To do: Repeat the lines below exactly as written, please, from the line with "unfolding variation_sum_snoc[OF s(2)] ." to the line with "proof (intro mono_onI)", both lines included, and no others.

(Dataset entries)
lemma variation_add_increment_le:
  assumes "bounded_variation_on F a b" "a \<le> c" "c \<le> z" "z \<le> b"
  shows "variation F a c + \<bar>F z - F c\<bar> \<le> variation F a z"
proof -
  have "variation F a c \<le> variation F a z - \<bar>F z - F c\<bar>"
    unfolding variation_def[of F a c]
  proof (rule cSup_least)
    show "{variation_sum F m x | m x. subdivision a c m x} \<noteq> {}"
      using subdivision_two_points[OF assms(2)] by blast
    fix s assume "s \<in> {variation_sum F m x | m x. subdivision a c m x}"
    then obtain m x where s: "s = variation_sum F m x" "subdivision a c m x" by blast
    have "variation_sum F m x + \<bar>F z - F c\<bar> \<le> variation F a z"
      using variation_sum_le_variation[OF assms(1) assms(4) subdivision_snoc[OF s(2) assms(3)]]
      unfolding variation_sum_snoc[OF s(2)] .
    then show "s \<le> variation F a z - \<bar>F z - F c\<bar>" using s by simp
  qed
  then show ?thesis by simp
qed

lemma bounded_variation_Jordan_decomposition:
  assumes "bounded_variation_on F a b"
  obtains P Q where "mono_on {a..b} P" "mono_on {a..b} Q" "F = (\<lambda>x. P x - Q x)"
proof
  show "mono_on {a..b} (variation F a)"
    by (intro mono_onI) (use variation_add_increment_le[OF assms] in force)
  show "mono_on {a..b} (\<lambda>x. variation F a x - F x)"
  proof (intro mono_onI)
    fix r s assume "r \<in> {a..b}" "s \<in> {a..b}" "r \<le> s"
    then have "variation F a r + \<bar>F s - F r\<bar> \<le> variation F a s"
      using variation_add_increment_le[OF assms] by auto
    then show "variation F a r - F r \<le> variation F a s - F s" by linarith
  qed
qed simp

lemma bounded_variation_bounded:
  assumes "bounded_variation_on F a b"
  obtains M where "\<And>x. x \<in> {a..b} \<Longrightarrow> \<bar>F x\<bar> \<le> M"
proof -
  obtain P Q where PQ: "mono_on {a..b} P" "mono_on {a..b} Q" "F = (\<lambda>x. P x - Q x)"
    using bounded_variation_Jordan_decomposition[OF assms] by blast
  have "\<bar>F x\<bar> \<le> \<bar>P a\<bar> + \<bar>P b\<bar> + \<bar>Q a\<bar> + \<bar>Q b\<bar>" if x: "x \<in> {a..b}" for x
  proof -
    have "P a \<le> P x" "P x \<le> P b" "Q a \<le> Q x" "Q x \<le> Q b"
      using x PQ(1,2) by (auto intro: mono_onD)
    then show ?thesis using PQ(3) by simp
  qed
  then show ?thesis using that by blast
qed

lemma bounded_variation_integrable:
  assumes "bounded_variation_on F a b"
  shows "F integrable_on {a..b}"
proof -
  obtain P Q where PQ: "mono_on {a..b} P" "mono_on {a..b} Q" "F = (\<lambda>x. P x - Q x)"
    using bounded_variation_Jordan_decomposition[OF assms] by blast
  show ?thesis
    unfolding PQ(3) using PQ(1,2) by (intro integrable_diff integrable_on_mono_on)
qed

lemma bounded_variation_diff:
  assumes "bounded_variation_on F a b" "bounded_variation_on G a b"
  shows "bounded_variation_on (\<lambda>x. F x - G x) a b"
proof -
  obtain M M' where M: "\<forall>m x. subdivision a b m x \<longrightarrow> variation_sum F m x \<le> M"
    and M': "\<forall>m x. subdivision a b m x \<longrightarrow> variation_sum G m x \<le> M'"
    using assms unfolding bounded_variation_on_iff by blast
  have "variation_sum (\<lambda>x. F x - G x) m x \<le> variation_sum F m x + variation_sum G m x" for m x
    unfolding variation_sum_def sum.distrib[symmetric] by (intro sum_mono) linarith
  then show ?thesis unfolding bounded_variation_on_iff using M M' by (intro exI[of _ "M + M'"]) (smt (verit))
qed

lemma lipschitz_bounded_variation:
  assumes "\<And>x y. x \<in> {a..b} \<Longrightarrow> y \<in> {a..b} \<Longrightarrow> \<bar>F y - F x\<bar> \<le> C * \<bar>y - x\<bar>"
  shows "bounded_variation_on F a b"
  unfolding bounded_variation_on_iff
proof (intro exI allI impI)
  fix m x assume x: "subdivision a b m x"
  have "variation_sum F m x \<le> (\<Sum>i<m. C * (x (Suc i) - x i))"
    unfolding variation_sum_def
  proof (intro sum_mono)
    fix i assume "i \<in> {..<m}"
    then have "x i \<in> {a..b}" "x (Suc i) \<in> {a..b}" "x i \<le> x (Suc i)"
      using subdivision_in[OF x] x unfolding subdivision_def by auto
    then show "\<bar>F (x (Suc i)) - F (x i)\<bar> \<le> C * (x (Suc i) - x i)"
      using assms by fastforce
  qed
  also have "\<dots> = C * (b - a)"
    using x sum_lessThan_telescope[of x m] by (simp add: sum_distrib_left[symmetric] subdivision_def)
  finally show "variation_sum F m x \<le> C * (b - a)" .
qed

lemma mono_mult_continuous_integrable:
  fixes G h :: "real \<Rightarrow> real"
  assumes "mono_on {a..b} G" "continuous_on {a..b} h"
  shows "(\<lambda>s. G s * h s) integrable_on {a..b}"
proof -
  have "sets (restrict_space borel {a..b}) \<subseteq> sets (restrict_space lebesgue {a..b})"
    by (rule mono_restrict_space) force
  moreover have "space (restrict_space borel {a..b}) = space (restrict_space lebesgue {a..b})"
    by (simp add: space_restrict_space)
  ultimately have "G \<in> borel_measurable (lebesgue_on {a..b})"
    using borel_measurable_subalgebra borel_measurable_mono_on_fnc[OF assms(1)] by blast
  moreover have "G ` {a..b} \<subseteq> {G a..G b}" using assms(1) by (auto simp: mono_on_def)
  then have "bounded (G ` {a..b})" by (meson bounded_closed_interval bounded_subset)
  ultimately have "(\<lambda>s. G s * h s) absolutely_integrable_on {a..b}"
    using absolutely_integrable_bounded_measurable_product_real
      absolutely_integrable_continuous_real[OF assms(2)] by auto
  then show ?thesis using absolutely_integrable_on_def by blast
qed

Expected answer:
      unfolding variation_sum_snoc[OF s(2)] .
    then show "s \<le> variation F a z - \<bar>F z - F c\<bar>" using s by simp
  qed
  then show ?thesis by simp
qed

lemma bounded_variation_Jordan_decomposition:
  assumes "bounded_variation_on F a b"
  obtains P Q where "mono_on {a..b} P" "mono_on {a..b} Q" "F = (\<lambda>x. P x - Q x)"
proof
  show "mono_on {a..b} (variation F a)"
    by (intro mono_onI) (use variation_add_increment_le[OF assms] in force)
  show "mono_on {a..b} (\<lambda>x. variation F a x - F x)"
  proof (intro mono_onI)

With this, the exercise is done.